I am delighted that Ray Comfort has decided to provide a near-unabridged version in his next giveaway of On the Origin of Species. It is still missing a crucial diagram from chapter 4 as well as the epigraphs from Bacon and Whewell, which Darwin chose with care, but it is more complete than the first version, which was also missing four chapters and Darwin's original introduction.

In his response to my post (available on-line at http://www.usnews.com/blogs/god-andcountry/2009/11/2/ray-comfortresponds-to-genie-scott-oncreationist-origin-of-species.html), Comfort strangely failed to explain why he expurgated that material from the first version. Elsewhere he wrote that it was "abridged because it was too many pages (too expensive) for a giveaway." But now he is going to try to give away even more copies of this more complete version? I am glad that I am not his accountant.

Anyhow, now I am even more enthusiastic about encouraging students to accept a free copy of Darwin's valuable book. But I stick by my advice: Students who are interested in learning about science can skip Comfort's introduction, which, despite a few cosmetic revisions, remains a hopeless mess of long-ago-refuted creationist arguments.

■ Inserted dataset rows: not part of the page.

lemma Q_measurable_comp:
  assumes "i < n" "c \<in> measurable N S" "v \<in> borel_measurable N"
  shows "(\<lambda>z. Q k i (c z) (v z)) \<in> borel_measurable N"
  using measurable_compose[OF measurable_Pair[OF assms(2,3)] Q_measurable[OF assms(1)]] by simp

lemma state_measurable:
  assumes "past k \<subseteq> A"
  shows "(\<lambda>p. fst (state k p)) \<in> borel_measurable (PiM A (\<lambda>_. S))"
    and "i < n \<Longrightarrow> (\<lambda>p. snd (state k p) i) \<in> borel_measurable (PiM A (\<lambda>_. S))"
proof -
  have "(\<lambda>p. fst (state k p)) \<in> borel_measurable (PiM A (\<lambda>_. S)) \<and>
      (\<forall>i<n. (\<lambda>p. snd (state k p) i) \<in> borel_measurable (PiM A (\<lambda>_. S)))"
    using assms
  proof (induction k)
    case 0
    then show ?case by simp
  next
    case (Suc k)
    have "past k \<subseteq> past (Suc k)"
      unfolding past_def by auto
    with Suc have IH: "(\<lambda>p. fst (state k p)) \<in> borel_measurable (PiM A (\<lambda>_. S))"
      "\<And>i. i < n \<Longrightarrow> (\<lambda>p. snd (state k p) i) \<in> borel_measurable (PiM A (\<lambda>_. S))"
      by auto
    have "(\<lambda>p. compressed k p (state k p) i) \<in> borel_measurable (PiM A (\<lambda>_. S))" if "i < n" for i
      unfolding compressed_def using that Suc.prems IH
      by (intro Q_measurable_comp measurable_component_singleton borel_measurable_diff
          measurable_compose[OF _ grad_measurable]) (auto simp: past_def)
    with diana_update_measurable[where X="\<lambda>p. fst (state k p)" and Hh="\<lambda>p. snd (state k p)"
        and Zz="\<lambda>p. compressed k p (state k p)", OF IH]
    show ?case by simp
  qed
  then show "(\<lambda>p. fst (state k p)) \<in> borel_measurable (PiM A (\<lambda>_. S))"
    and "i < n \<Longrightarrow> (\<lambda>p. snd (state k p) i) \<in> borel_measurable (PiM A (\<lambda>_. S))"
    by auto
qed

lemma compressor_uncorrelated:
  assumes i: "i < n" and j: "j < n" and "i \<noteq> j"
  shows "integrable M (\<lambda>\<omega>. (Q k i (\<xi> k i \<omega>) a - a) \<bullet> (Q k j (\<xi> k j \<omega>) b - b))"
    and "(\<integral>\<omega>. (Q k i (\<xi> k i \<omega>) a - a) \<bullet> (Q k j (\<xi> k j \<omega>) b - b) \<partial>M) = 0"
proof -
  have "P.indep_var (PiM {(k, i)} (\<lambda>_. S)) (\<lambda>\<omega>. restrict (\<lambda>q. (\<lambda>(k, i). \<xi> k i) q \<omega>) {(k, i)})
      (PiM {(k, j)} (\<lambda>_. S)) (\<lambda>\<omega>. restrict (\<lambda>q. (\<lambda>(k, i). \<xi> k i) q \<omega>) {(k, j)})"
    using assms by (intro P.indep_var_restrict[OF indep]) auto
  from P.indep_var_compose[OF this measurable_component_singleton measurable_component_singleton]
  have "P.indep_var S (\<xi> k i) S (\<xi> k j)"
    by (simp add: o_def)
  moreover have "(\<lambda>s. Q k l s c - c) \<in> borel_measurable S" if "l < n" for l c
    using that by (intro borel_measurable_diff Q_measurable_comp measurable_ident_sets) auto
  ultimately have ind: "P.indep_var borel (\<lambda>\<omega>. Q k i (\<xi> k i \<omega>) a - a) borel (\<lambda>\<omega>. Q k j (\<xi> k j \<omega>) b - b)"
    using P.indep_var_compose[of S "\<xi> k i" S "\<xi> k j" "\<lambda>s. Q k i s a - a" borel "\<lambda>s. Q k j s b - b" borel] i j
    by (simp add: o_def)
  have int_i: "integrable M (\<lambda>\<omega>. Q k i (\<xi> k i \<omega>) a - a)"
    using conjunct1[OF Q_unbiased[OF i]] by (rule Bochner_Integration.integrable_diff[OF _ P.integrable_const])
  have int_j: "integrable M (\<lambda>\<omega>. Q k j (\<xi> k j \<omega>) b - b)"
    using conjunct1[OF Q_unbiased[OF j]] by (rule Bochner_Integration.integrable_diff[OF _ P.integrable_const])
  note inner = P.indep_var_integral_inner[OF ind int_i int_j]
  show "integrable M (\<lambda>\<omega>. (Q k i (\<xi> k i \<omega>) a - a) \<bullet> (Q k j (\<xi> k j \<omega>) b - b))"
    by (rule inner(1))
  show "(\<integral>\<omega>. (Q k i (\<xi> k i \<omega>) a - a) \<bullet> (Q k j (\<xi> k j \<omega>) b - b) \<partial>M) = 0"
    unfolding inner(2) using Q_unbiased[OF i] Q_unbiased[OF j] by (simp add: P.prob_space)
qed

lemma indep_past_present:
  "P.indep_var (PiM (past k) (\<lambda>_. S)) (\<lambda>\<omega>. restrict (noise \<omega>) (past k))
     (PiM (present k) (\<lambda>_. S)) (\<lambda>\<omega>. restrict (noise \<omega>) (present k))"
proof -
  have "noise \<omega> = (\<lambda>q. (\<lambda>(k, i). \<xi> k i) q \<omega>)" for \<omega>
    unfolding noise_def by (auto split: prod.split)
  then show ?thesis
    using P.indep_var_restrict[OF indep, of "past k" "present k"] unfolding past_def present_def by auto
qed

lemma state_past:
  "fst (state k (restrict (noise \<omega>) (past k))) = x k \<omega>"
  "i < n \<Longrightarrow> snd (state k (restrict (noise \<omega>) (past k))) i = h k i \<omega>"
  using state_local[of k "restrict (noise \<omega>) (past k)" "noise \<omega>"] state_noise[of k \<omega>]
  by (auto simp: past_def)

lemma iterate_measurable:
  "x k \<in> borel_measurable M" "i < n \<Longrightarrow> (\<lambda>\<omega>. h k i \<omega>) \<in> borel_measurable M"
proof -
  have noise: "(\<lambda>\<omega>. restrict (noise \<omega>) (past k)) \<in> measurable M (PiM (past k) (\<lambda>_. S))"
    using P.indep_var_rv1[OF indep_past_present] .
  show "x k \<in> borel_measurable M"
    using measurable_compose[OF noise state_measurable(1)[of k "past k"]] by (simp add: state_past)
  show "i < n \<Longrightarrow> (\<lambda>\<omega>. h k i \<omega>) \<in> borel_measurable M"
    using measurable_compose[OF noise state_measurable(2)[of k "past k" i]] by (simp add: state_past)
qed

lemma expected_step_value_le:
  "(\<integral>\<^sup>+\<omega>. ennreal (step_value s (compressed k (noise \<omega>) s)) \<partial>M) \<le> ennreal (lyapunov s)"
proof -
  let ?Z = "\<lambda>\<omega> i. Q k i (\<xi> k i \<omega>) (g i (fst s) - snd s i)"
  have "(\<integral>\<^sup>+\<omega>. ennreal (step_value (fst s, snd s) (?Z \<omega>)) \<partial>M) \<le> ennreal (lyapunov (fst s, snd s))"
  proof (rule lyapunov_expected_decrease[OF prob])
    fix i assume i: "i < n"
    show "integrable M (\<lambda>\<omega>. ?Z \<omega> i) \<and> (\<integral>\<omega>. ?Z \<omega> i \<partial>M) = g i (fst s) - snd s i"
      using Q_unbiased[OF i] by blast
    show "integrable M (\<lambda>\<omega>. (norm (?Z \<omega> i - (g i (fst s) - snd s i)))\<^sup>2) \<and>
        (\<integral>\<omega>. (norm (?Z \<omega> i - (g i (fst s) - snd s i)))\<^sup>2 \<partial>M) \<le> w i * (norm (g i (fst s) - snd s i))\<^sup>2"
      using Q_variance[OF i] by blast
  next
    fix i j assume "i < n" "j < n" "i \<noteq> j"
    then show "integrable M (\<lambda>\<omega>. (?Z \<omega> i - (g i (fst s) - snd s i)) \<bullet> (?Z \<omega> j - (g j (fst s) - snd s j))) \<and>
        (\<integral>\<omega>. (?Z \<omega> i - (g i (fst s) - snd s i)) \<bullet> (?Z \<omega> j - (g j (fst s) - snd s j)) \<partial>M) = 0"
      using compressor_uncorrelated by blast
  qed
  moreover have "compressed k (noise \<omega>) s = ?Z \<omega>" for \<omega>
    unfolding compressed_def noise_def by auto
  ultimately show ?thesis
    by simp
qed

lemma step_value_state_measurable:
  "(\<lambda>(p, c). ennreal (step_value (state k p) (compressed k c (state k p))))
     \<in> borel_measurable (PiM (past k) (\<lambda>_. S) \<Otimes>\<^sub>M PiM (present k) (\<lambda>_. S))"
proof -
  let ?A = "PiM (past k) (\<lambda>_. S)" and ?B = "PiM (present k) (\<lambda>_. S)"
  have X: "(\<lambda>pc. fst (state k (fst pc))) \<in> borel_measurable (?A \<Otimes>\<^sub>M ?B)"
    by (rule measurable_compose[OF measurable_fst state_measurable(1)]) simp
  have H: "(\<lambda>pc. snd (state k (fst pc)) i) \<in> borel_measurable (?A \<Otimes>\<^sub>M ?B)" if "i < n" for i
    using that by (intro measurable_compose[OF measurable_fst state_measurable(2)]) auto
  have Z: "(\<lambda>pc. compressed k (snd pc) (state k (fst pc)) i) \<in> borel_measurable (?A \<Otimes>\<^sub>M ?B)" if "i < n" for i
    unfolding compressed_def using that X H
    by (intro Q_measurable_comp borel_measurable_diff measurable_compose[OF _ grad_measurable]
        measurable_compose[OF measurable_snd measurable_component_singleton]) (auto simp: present_def)
  show ?thesis
    using step_value_measurable[where Hh="\<lambda>pc. snd (state k (fst pc))"
        and Zz="\<lambda>pc. compressed k (snd pc) (state k (fst pc))", OF X H Z]
    unfolding split_beta' by simp
qed

text \<open>The state after $k$ steps is a function of the randomness of the first $k$ rounds, which is
  independent of the randomness of round $k$; freezing it reduces the step to the one-step estimate.\<close>

lemma lyapunov_step:
  "(\<integral>\<^sup>+\<omega>. ennreal (lyapunov (x (Suc k) \<omega>, \<lambda>i. h (Suc k) i \<omega>) + \<gamma> * gap (x (Suc k) \<omega>)) \<partial>M)
     \<le> (\<integral>\<^sup>+\<omega>. ennreal (lyapunov (x k \<omega>, \<lambda>i. h k i \<omega>)) \<partial>M)"
proof -
  let ?past = "\<lambda>\<omega>. restrict (noise \<omega>) (past k)" and ?present = "\<lambda>\<omega>. restrict (noise \<omega>) (present k)"
  have "(\<integral>\<^sup>+\<omega>. ennreal (lyapunov (x (Suc k) \<omega>, \<lambda>i. h (Suc k) i \<omega>) + \<gamma> * gap (x (Suc k) \<omega>)) \<partial>M)
      = (\<integral>\<^sup>+\<omega>. ennreal (step_value (state k (?past \<omega>)) (compressed k (?present \<omega>) (state k (?past \<omega>)))) \<partial>M)"
  proof (intro nn_integral_cong arg_cong[where f=ennreal])
    fix \<omega>
    have "lyapunov (x (Suc k) \<omega>, \<lambda>i. h (Suc k) i \<omega>) + \<gamma> * gap (x (Suc k) \<omega>)
        = step_value (state k (noise \<omega>)) (compressed k (noise \<omega>) (state k (noise \<omega>)))"
      using state_noise[of "Suc k" \<omega>] by (simp add: step_value_def)
    also have "\<dots> = step_value (state k (?past \<omega>)) (compressed k (?present \<omega>) (state k (?past \<omega>)))"
      using state_past state_noise[of k \<omega>] by (intro step_value_cong) (auto simp: compressed_def present_def)
    finally show "lyapunov (x (Suc k) \<omega>, \<lambda>i. h (Suc k) i \<omega>) + \<gamma> * gap (x (Suc k) \<omega>)
        = step_value (state k (?past \<omega>)) (compressed k (?present \<omega>) (state k (?past \<omega>)))" .
  qed
  also have "\<dots> \<le> (\<integral>\<^sup>+\<omega>. ennreal (lyapunov (state k (?past \<omega>))) \<partial>M)"
  proof (rule P.nn_integral_indep_var_le[OF indep_past_present step_value_state_measurable, simplified])
    show "(\<lambda>p. ennreal (lyapunov (state k p))) \<in> borel_measurable (PiM (past k) (\<lambda>_. S))"
      using lyapunov_measurable[where X="\<lambda>p. fst (state k p)" and Hh="\<lambda>p. snd (state k p)"]
        state_measurable[of k "past k"] by simp
    fix p
    have "step_value (state k p) (compressed k (?present \<omega>) (state k p))
        = step_value (state k p) (compressed k (noise \<omega>) (state k p))" for \<omega>
      by (intro step_value_cong) (auto simp: compressed_def present_def)
    then show "(\<integral>\<^sup>+\<omega>. ennreal (step_value (state k p) (compressed k (?present \<omega>) (state k p))) \<partial>M)
        \<le> ennreal (lyapunov (state k p))"
      using expected_step_value_le by simp
  qed
  also have "\<dots> = (\<integral>\<^sup>+\<omega>. ennreal (lyapunov (x k \<omega>, \<lambda>i. h k i \<omega>)) \<partial>M)"
    using state_past by (intro nn_integral_cong arg_cong[where f=ennreal] lyapunov_cong) auto
  finally show ?thesis .
qed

Consider Comfort's view on the evolution of sex: "No one even goes near explaining how and why each species managed to reproduce (during the millions of years the female was supposedly evolving to maturity) without the right reproductive machinery." Of course not. That is because no biologist thinks males and females evolved separately!

Birds do it; bees do it; even educated fleas do it: but so do the majority of plants and even certain single-celled organisms. But they do it in radically different ways. A male bee has no father and cannot have sons, for example,while there are animals, even vertebrates — bonnethead sharks and Komodo dragons — in which virgin birth occurs. So it is not just for the obvious reason that sex is a fun topic for biologists.

The myriad ways in which organisms reproduce, sexually and asexually, have fascinated biologists for decades and have been examined, in a thoroughly evolutionary context, since Charles Darwin and August Weismann. But none of them has thought that lonely males waited patiently for millions of years for the first females. And anyone who, like Comfort, tells you otherwise is ignorant — or worse.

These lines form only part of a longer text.